— WHAT THE EXERCISE ASKS —
Across the listing, how many lines contain "True"? The reply is the number alone.
============
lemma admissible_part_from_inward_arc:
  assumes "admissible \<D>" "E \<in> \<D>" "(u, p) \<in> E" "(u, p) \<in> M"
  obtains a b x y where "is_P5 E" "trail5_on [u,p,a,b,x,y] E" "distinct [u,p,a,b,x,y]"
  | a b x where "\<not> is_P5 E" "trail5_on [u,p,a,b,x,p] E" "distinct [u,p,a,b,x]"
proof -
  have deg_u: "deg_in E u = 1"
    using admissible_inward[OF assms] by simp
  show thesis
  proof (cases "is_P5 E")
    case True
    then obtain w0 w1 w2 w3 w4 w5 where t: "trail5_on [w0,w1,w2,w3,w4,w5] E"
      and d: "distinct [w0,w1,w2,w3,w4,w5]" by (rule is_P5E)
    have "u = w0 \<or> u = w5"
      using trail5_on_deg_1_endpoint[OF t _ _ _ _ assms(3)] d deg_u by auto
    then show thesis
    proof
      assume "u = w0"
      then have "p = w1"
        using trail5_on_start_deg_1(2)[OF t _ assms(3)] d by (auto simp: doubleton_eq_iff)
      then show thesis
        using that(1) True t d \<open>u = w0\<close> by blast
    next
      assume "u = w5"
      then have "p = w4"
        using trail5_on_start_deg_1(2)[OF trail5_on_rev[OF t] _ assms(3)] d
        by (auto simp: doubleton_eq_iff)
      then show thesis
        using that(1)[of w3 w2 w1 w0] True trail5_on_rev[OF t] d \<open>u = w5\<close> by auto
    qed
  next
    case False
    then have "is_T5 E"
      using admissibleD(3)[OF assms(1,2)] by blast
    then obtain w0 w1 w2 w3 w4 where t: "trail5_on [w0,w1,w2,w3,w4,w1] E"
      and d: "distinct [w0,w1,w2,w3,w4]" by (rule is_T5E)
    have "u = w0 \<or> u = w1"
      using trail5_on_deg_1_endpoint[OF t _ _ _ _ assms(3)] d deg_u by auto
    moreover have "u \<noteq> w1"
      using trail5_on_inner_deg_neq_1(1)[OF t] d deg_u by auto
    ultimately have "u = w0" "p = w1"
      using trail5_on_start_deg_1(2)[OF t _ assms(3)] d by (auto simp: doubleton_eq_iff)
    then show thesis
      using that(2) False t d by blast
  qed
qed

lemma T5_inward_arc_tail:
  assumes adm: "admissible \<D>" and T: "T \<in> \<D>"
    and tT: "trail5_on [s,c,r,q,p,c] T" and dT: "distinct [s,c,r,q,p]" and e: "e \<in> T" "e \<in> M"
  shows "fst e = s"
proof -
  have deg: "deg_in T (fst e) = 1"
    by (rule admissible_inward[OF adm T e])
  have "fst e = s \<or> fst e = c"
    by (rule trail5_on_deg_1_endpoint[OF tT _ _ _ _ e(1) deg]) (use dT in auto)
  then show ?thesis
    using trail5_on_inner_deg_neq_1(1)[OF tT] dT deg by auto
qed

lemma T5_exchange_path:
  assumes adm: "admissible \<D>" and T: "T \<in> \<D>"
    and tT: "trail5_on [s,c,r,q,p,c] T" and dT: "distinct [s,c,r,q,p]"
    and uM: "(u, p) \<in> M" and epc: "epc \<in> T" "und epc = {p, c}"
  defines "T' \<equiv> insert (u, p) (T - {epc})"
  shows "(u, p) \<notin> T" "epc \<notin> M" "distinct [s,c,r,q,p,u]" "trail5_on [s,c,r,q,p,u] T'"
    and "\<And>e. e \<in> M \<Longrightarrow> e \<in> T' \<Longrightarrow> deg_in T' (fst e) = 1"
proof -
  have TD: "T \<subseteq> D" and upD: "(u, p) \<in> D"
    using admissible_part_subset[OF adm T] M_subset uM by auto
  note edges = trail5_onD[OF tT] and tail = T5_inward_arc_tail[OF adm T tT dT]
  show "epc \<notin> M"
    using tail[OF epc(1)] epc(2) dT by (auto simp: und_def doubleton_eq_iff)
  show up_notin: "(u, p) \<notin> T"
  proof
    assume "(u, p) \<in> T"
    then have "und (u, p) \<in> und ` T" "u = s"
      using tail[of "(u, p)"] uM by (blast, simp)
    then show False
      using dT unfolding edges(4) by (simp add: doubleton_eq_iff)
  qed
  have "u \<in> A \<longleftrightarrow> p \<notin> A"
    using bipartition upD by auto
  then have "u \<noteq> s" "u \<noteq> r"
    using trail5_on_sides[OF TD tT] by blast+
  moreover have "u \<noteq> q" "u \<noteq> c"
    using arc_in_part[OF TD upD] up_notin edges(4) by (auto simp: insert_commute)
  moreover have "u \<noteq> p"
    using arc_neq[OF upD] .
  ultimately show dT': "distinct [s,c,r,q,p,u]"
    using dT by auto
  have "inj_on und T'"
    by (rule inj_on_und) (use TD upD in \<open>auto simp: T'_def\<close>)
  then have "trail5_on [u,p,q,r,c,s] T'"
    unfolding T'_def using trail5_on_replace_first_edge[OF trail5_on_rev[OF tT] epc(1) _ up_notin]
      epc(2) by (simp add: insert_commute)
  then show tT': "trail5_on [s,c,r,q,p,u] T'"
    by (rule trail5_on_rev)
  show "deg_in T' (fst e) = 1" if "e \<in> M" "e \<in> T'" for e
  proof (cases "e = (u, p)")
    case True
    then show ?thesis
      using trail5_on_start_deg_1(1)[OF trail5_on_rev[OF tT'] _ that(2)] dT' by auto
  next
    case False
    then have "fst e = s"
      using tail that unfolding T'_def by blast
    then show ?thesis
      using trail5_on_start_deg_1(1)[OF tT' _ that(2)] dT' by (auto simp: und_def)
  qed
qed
============
— RESULT —
4